A Member of the University of Maryland Medical System | In Partnership with the University of Maryland School of Medicine
Although a physicist by training, Robert Flower has been involved principally in ophthalmic research for more than 30 years. After joining the staff of the Johns Hopkins University Applied Physics Laboratory (APL) in 1966, he began a collaborative investigation with Dr. Arnall Patz of Hopkins’ Wilmer Institute on the effects of oxygen on the developing retinal vasculature of the premature infant eye. That collaboration led to a general interest in the role of the choroidal circulation in retinal disease etiology, which eventually became his career pursuit. In addition to providing some of the first sub-cardiac-cycle resolution descriptions of choroidal blood flow, he developed the first clinical method for routine visualization of the human choroidal circulation, ICG fluorescence angiography, now a standard diagnostic procedure.
In 1982 Flower became Director of the Applied Physics Laboratory/ Johns Hopkins Medical School Collaborative Biomedical Program, a position he held for ten years, while continuing to pursue his ophthalmic research interests as time permitted. During that time he also was Associate Professor of Ophthalmology and of Biomedical Engineering at the Johns Hopkins School of Medicine. In 1990 he held the H. J. Fitzgerald Dunning Professorship for a two-year period, during which he gradually increased his research activities.

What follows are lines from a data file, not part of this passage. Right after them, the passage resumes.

(* Let $S$ be a graded reduced affine monoid and $\tilde S$ as in the context. Suppose the defining congruence $\sim_S$ is generated by $\{(x^{\lambda},x^{\mu})\mid(\lambda,\mu)\in\Lambda\}$ for some $\Lambda\subset\mathbb{N}_0^{\mathcal{A}(S)}\times\mathbb{N}_0^{\mathcal{A}(S)}$. For each $\lambda\in\mathbb{N}_0^{\mathcal{A}(S)}$ such that $(\lambda,\mu)\in\Lambda$ or $(\mu,\lambda)\in\Lambda$ for some $\mu$, and each integer $0\le i\le|a^{\lambda}|$, choose $\lambda[i]\in\mathbb{N}_0^{\mathcal{A}(\tilde S)}$ with $\kappa(\lambda[i])=\lambda$ and $\delta(\lambda[i])=i$. Then the defining congruence $\sim_{\tilde S}$ of $\tilde S$ is generated by $\{(x^{\lambda[i]},x^{\mu[i]})\mid(\lambda,\mu)\in\Lambda,\ 0\le i\le|a^{\lambda}|\}\cup\{(x_{a[k]}x_{b[l]},x_{a[k+1]}x_{b[l-1]})\mid a,b\in\mathcal{A}(S),\ 0\le k\le|a|-1,\ 1\le l\le|b|\}$.
   Context: A monoid is a commutative cancellative semigroup with identity; affine means a finitely generated submonoid of a finitely generated free abelian group; reduced means the identity is the only unit. $S$ (written multiplicatively) is graded: $S=\bigsqcup_{d\in\mathbb{N}_0}S_d$ with $S_dS_e\subseteq S_{d+e}$, $|s|=d$ for $s\in S_d$. $\mathcal{A}(S)$ is the set of atoms; $a^{\lambda}=\prod_a a^{\lambda(a)}$. For a reduced affine monoid $T$ with atoms $\mathcal{A}(T)$, its defining congruence $\sim_T$ is the congruence on the free commutative monoid $\{x^{\alpha}\mid\alpha\in\mathbb{N}_0^{\mathcal{A}(T)}\}$ on indeterminates $x_t$ ($t\in\mathcal{A}(T)$) with $x^{\alpha}\sim_T x^{\gamma}$ iff $\prod t^{\alpha(t)}=\prod t^{\gamma(t)}$ in $T$. Define $\tilde S=\{s[i]\mid s\in S,\ 0\le i\le|s|\}$ with $s[i]\cdot t[j]=(st)[i+j]$; its atoms are $\mathcal{A}(\tilde S)=\{a[i]\mid a\in\mathcal{A}(S),0\le i\le|a|\}$. Define $\kappa:\mathbb{N}_0^{\mathcal{A}(\tilde S)}\to\mathbb{N}_0^{\mathcal{A}(S)}$, $\kappa(\lambda)(a)=\sum_{i=0}^{|a|}\lambda(a[i])$, and $\delta(\lambda)=\sum_{a[i]}i\,\lambda(a[i])$. *)

theory Defs
  imports Main "HOL-Library.Multiset" "HOL-Library.Product_Plus" "HOL-Library.Function_Algebras"
begin

definition is_submonoid :: "'a::comm_monoid_add set \<Rightarrow> bool" where
  "is_submonoid T \<longleftrightarrow> 0 \<in> T \<and> (\<forall>s\<in>T. \<forall>t\<in>T. s + t \<in> T)"

definition mon_units :: "'a::comm_monoid_add set \<Rightarrow> 'a set" where
  "mon_units T = {u \<in> T. \<exists>v\<in>T. u + v = 0}"

definition reduced :: "'a::comm_monoid_add set \<Rightarrow> bool" where
  "reduced T \<longleftrightarrow> mon_units T = {0}"

definition affine :: "('n::finite \<Rightarrow> int) set \<Rightarrow> bool" where
  "affine T \<longleftrightarrow> is_submonoid T \<and>
     (\<exists>G. finite G \<and> G \<subseteq> T \<and> T = {sum_mset \<alpha> | \<alpha>. set_mset \<alpha> \<subseteq> G})"

definition atoms :: "'a::comm_monoid_add set \<Rightarrow> 'a set" where
  "atoms T = {a \<in> T. a \<notin> mon_units T \<and>
      (\<forall>b\<in>T. \<forall>c\<in>T. a = b + c \<longrightarrow> b \<in> mon_units T \<or> c \<in> mon_units T)}"

definition graded :: "'a::comm_monoid_add set \<Rightarrow> ('a \<Rightarrow> nat) \<Rightarrow> bool" where
  "graded T deg \<longleftrightarrow> (\<forall>s\<in>T. \<forall>t\<in>T. deg (s + t) = deg s + deg t)"

text \<open>The monoid tilde S: s[i] is represented as the pair (s, i).\<close>
definition tilde :: "'a::comm_monoid_add set \<Rightarrow> ('a \<Rightarrow> nat) \<Rightarrow> ('a \<times> nat) set" where
  "tilde S deg = {(s, i) | s i. s \<in> S \<and> i \<le> deg s}"

text \<open>Elements of the free commutative monoid on a set A of indeterminates x_a are
  represented as multisets over A; x^\<alpha> corresponds to the multiset \<alpha>.\<close>
definition defcong :: "'a::comm_monoid_add set \<Rightarrow> ('a multiset \<times> 'a multiset) set" where
  "defcong T = {(\<alpha>, \<gamma>). set_mset \<alpha> \<subseteq> atoms T \<and> set_mset \<gamma> \<subseteq> atoms T \<and>
                         sum_mset \<alpha> = sum_mset \<gamma>}"

inductive_set gen_cong :: "'b set \<Rightarrow> ('b multiset \<times> 'b multiset) set
      \<Rightarrow> ('b multiset \<times> 'b multiset) set" for A R where
  base: "(\<alpha>, \<gamma>) \<in> R \<Longrightarrow> (\<alpha>, \<gamma>) \<in> gen_cong A R"
| refl: "set_mset \<alpha> \<subseteq> A \<Longrightarrow> (\<alpha>, \<alpha>) \<in> gen_cong A R"
| sym: "(\<alpha>, \<gamma>) \<in> gen_cong A R \<Longrightarrow> (\<gamma>, \<alpha>) \<in> gen_cong A R"
| trans: "(\<alpha>, \<beta>) \<in> gen_cong A R \<Longrightarrow> (\<beta>, \<gamma>) \<in> gen_cong A R \<Longrightarrow> (\<alpha>, \<gamma>) \<in> gen_cong A R"
| add: "(\<alpha>, \<gamma>) \<in> gen_cong A R \<Longrightarrow> set_mset \<beta> \<subseteq> A \<Longrightarrow> (\<alpha> + \<beta>, \<gamma> + \<beta>) \<in> gen_cong A R"

definition kappa :: "('a \<times> nat) multiset \<Rightarrow> 'a multiset" where
  "kappa lam = image_mset fst lam"

definition delta :: "('a \<times> nat) multiset \<Rightarrow> nat" where
  "delta lam = sum_mset (image_mset snd lam)"

end

theory Submission
  imports Defs
begin

text \<open>A factorization in \<open>tilde S\<close> is a factorization \<open>\<lambda>\<close> in \<open>S\<close> (its \<open>kappa\<close>-image) together
  with a distribution of the index \<open>delta\<close> over its atoms, the atom \<open>a\<close> receiving between \<open>0\<close> and
  \<open>|a|\<close>. The swap relations \<open>x\<^sub>a\<^sub>[\<^sub>k\<^sub>] x\<^sub>b\<^sub>[\<^sub>l\<^sub>] \<sim> x\<^sub>a\<^sub>[\<^sub>k\<^sub>+\<^sub>1\<^sub>] x\<^sub>b\<^sub>[\<^sub>l\<^sub>-\<^sub>1\<^sub>]\<close> move one unit of index between two
  atoms, and they connect any two factorizations with the same \<open>kappa\<close> and the same \<open>delta\<close>:
  treat the atoms of \<open>\<lambda>\<close> one at a time, pulling index from the remaining ones until the current
  atom carries its target value. A relation of \<open>tilde S\<close> projects to a relation of \<open>S\<close>, i.e. to a
  chain of \<open>\<Lambda>\<close>-moves, and this chain lifts step by step: a move \<open>\<lambda> \<rightarrow> \<mu>\<close> at index \<open>i\<close> is
  realised by \<open>\<lambda>[i] \<sim> \<mu>[i]\<close>, and swaps redistribute the index in between.\<close>

lemma kappa_simps [simp]:
  "kappa {#} = {#}" "kappa (add_mset x M) = add_mset (fst x) (kappa M)"
  "kappa (M + N) = kappa M + kappa N"
  by (simp_all add: kappa_def)

lemma delta_simps [simp]:
  "delta {#} = 0" "delta (add_mset x M) = snd x + delta M" "delta (M + N) = delta M + delta N"
  by (simp_all add: delta_def)

lemma sum_mset_kappa_delta: "sum_mset M = (sum_mset (kappa M), delta M)"
  by (induction M) (auto simp: zero_prod_def)

lemma kappa_eq_add_msetE:
  assumes "kappa M = add_mset a L"
  obtains i N where "M = add_mset (a, i) N" "kappa N = L"
  using msed_map_invR[OF assms[unfolded kappa_def]] by (auto simp: kappa_def)

lemma kappa_eq_plusE:
  assumes "kappa M = L\<^sub>1 + L\<^sub>2"
  obtains M\<^sub>1 M\<^sub>2 where "M = M\<^sub>1 + M\<^sub>2" "kappa M\<^sub>1 = L\<^sub>1" "kappa M\<^sub>2 = L\<^sub>2"
  using image_mset_eq_plusD[OF assms[unfolded kappa_def]] by (auto simp: kappa_def)

lemma delta_gt_0E:
  assumes "0 < delta M"
  obtains b m N where "M = add_mset (b, m) N" "0 < m"
  using assms by (induction M) (auto, metis add_mset_commute)

lemma gen_cong_mono:
  assumes "R \<subseteq> R'"
  shows "gen_cong A R \<subseteq> gen_cong A R'"
proof (rule subrelI)
  fix \<alpha> \<gamma> assume "(\<alpha>, \<gamma>) \<in> gen_cong A R"
  then show "(\<alpha>, \<gamma>) \<in> gen_cong A R'"
    by (induction rule: gen_cong.induct) (use assms in \<open>auto intro: gen_cong.intros\<close>)
qed

lemma gen_cong_subset_defcong:
  assumes "R \<subseteq> defcong T"
  shows "gen_cong (atoms T) R \<subseteq> defcong T"
proof (rule subrelI)
  fix \<alpha> \<gamma> assume "(\<alpha>, \<gamma>) \<in> gen_cong (atoms T) R"
  then show "(\<alpha>, \<gamma>) \<in> defcong T"
    by (induction rule: gen_cong.induct) (use assms in \<open>auto simp: defcong_def\<close>)
qed

definition swaps :: "'a::comm_monoid_add set \<Rightarrow> ('a \<Rightarrow> nat) \<Rightarrow>
    (('a \<times> nat) multiset \<times> ('a \<times> nat) multiset) set" where
  "swaps S deg = {({#(a, k), (b, l)#}, {#(a, k + 1), (b, l - 1)#}) | a b k l.
                  a \<in> atoms S \<and> b \<in> atoms S \<and> k < deg a \<and> 1 \<le> l \<and> l \<le> deg b}"

locale graded_reduced_submonoid =
  fixes S :: "'a::comm_monoid_add set" and deg :: "'a \<Rightarrow> nat"
  assumes submonoid: "is_submonoid S" and reduced: "reduced S" and graded: "graded S deg"
begin

lemma zero_mem: "0 \<in> S" and add_mem: "s \<in> S \<Longrightarrow> t \<in> S \<Longrightarrow> s + t \<in> S"
  using submonoid by (simp_all add: is_submonoid_def)

lemma sum_mset_mem: "set_mset M \<subseteq> S \<Longrightarrow> sum_mset M \<in> S"
  by (induction M) (simp_all add: zero_mem add_mem)

lemma deg_add: "s \<in> S \<Longrightarrow> t \<in> S \<Longrightarrow> deg (s + t) = deg s + deg t"
  using graded by (simp add: graded_def)

lemma deg_zero: "deg 0 = 0"
  using deg_add[OF zero_mem zero_mem] by simp

lemma units_eq: "mon_units S = {0}"
  using reduced by (simp add: reduced_def)

lemma atoms_subset: "atoms S \<subseteq> S" and zero_notin_atoms: "0 \<notin> atoms S"
  by (auto simp: atoms_def units_eq)

lemma units_tilde: "mon_units (tilde S deg) = {(0, 0)}"
proof -
  have "u = 0 \<and> i = 0" if "(u, i) \<in> mon_units (tilde S deg)" for u i
  proof -
    from that obtain v j where "(u, i) \<in> tilde S deg" "(v, j) \<in> tilde S deg" "(u, i) + (v, j) = 0"
      by (auto simp: mon_units_def)
    then have "u \<in> mon_units S" "i \<le> deg u" by (auto simp: tilde_def zero_prod_def mon_units_def)
    then show ?thesis by (simp add: units_eq deg_zero)
  qed
  moreover have "(0, 0) \<in> mon_units (tilde S deg)"
    by (auto simp: mon_units_def tilde_def zero_mem deg_zero zero_prod_def)
  ultimately show ?thesis by auto
qed

lemma atoms_tilde: "atoms (tilde S deg) = {(a, i). a \<in> atoms S \<and> i \<le> deg a}"
proof (intro set_eqI iffI)
  fix x assume x: "x \<in> atoms (tilde S deg)"
  then have "x \<in> tilde S deg" "x \<noteq> (0, 0)" by (auto simp: atoms_def units_tilde)
  then obtain s i where xs: "x = (s, i)" "s \<in> S" "i \<le> deg s" "s \<noteq> 0"
    by (fastforce simp: tilde_def deg_zero)
  have "b \<in> mon_units S \<or> c \<in> mon_units S" if bc: "b \<in> S" "c \<in> S" "s = b + c" for b c
  proof -
    define j where "j = min i (deg b)"
    have "(b, j) \<in> tilde S deg" "(c, i - j) \<in> tilde S deg" "(s, i) = (b, j) + (c, i - j)"
      using bc xs deg_add by (auto simp: tilde_def j_def)
    then have "(b, j) \<in> mon_units (tilde S deg) \<or> (c, i - j) \<in> mon_units (tilde S deg)"
      using x xs unfolding atoms_def by blast
    then show ?thesis using units_eq by (auto simp: units_tilde)
  qed
  then have "s \<in> atoms S" using xs units_eq by (auto simp: atoms_def)
  then show "x \<in> {(a, i). a \<in> atoms S \<and> i \<le> deg a}" using xs by auto
next
  fix x assume "x \<in> {(a, i). a \<in> atoms S \<and> i \<le> deg a}"
  then obtain a i where x: "x = (a, i)" "a \<in> atoms S" "i \<le> deg a" by auto
  have "y \<in> mon_units (tilde S deg) \<or> z \<in> mon_units (tilde S deg)"
    if yz: "y \<in> tilde S deg" "z \<in> tilde S deg" "x = y + z" for y z
  proof -
    obtain b j c k where "y = (b, j)" "z = (c, k)" "b \<in> S" "c \<in> S" "j \<le> deg b" "k \<le> deg c"
      using yz by (auto simp: tilde_def)
    moreover have "b \<in> mon_units S \<or> c \<in> mon_units S"
      using x yz calculation unfolding atoms_def by auto
    ultimately show ?thesis by (auto simp: units_eq units_tilde deg_zero)
  qed
  moreover have "x \<in> tilde S deg" using x atoms_subset by (auto simp: tilde_def)
  moreover have "x \<notin> mon_units (tilde S deg)" using x zero_notin_atoms by (auto simp: units_tilde)
  ultimately show "x \<in> atoms (tilde S deg)" by (auto simp: atoms_def)
qed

In 1995 Flower left the APL/JHU to resume his research activities full-time and joined the faculty of the University Of Maryland Department Of Ophthalmology as Associate Professor. Since then, he has continued to apply ICG angiography to characterization of choroidal blood flow patterns in normal and diseased eyes. His work has led to a new treatment for age-related macular degeneration (AMD) in eyes for which conventional laser treatment is not possible—now the subject of a FDA-approved clinical trial. Currently, in addition to his association with the University of Maryland, Flower is Professor of Ophthalmology at the New York University school of Medicine, Director of Biophysical Research at the Retina Research Center of the Manhattan Eye, Ear & Throat Hospital, and Chief Scientist at Novadaq Technologies, Inc.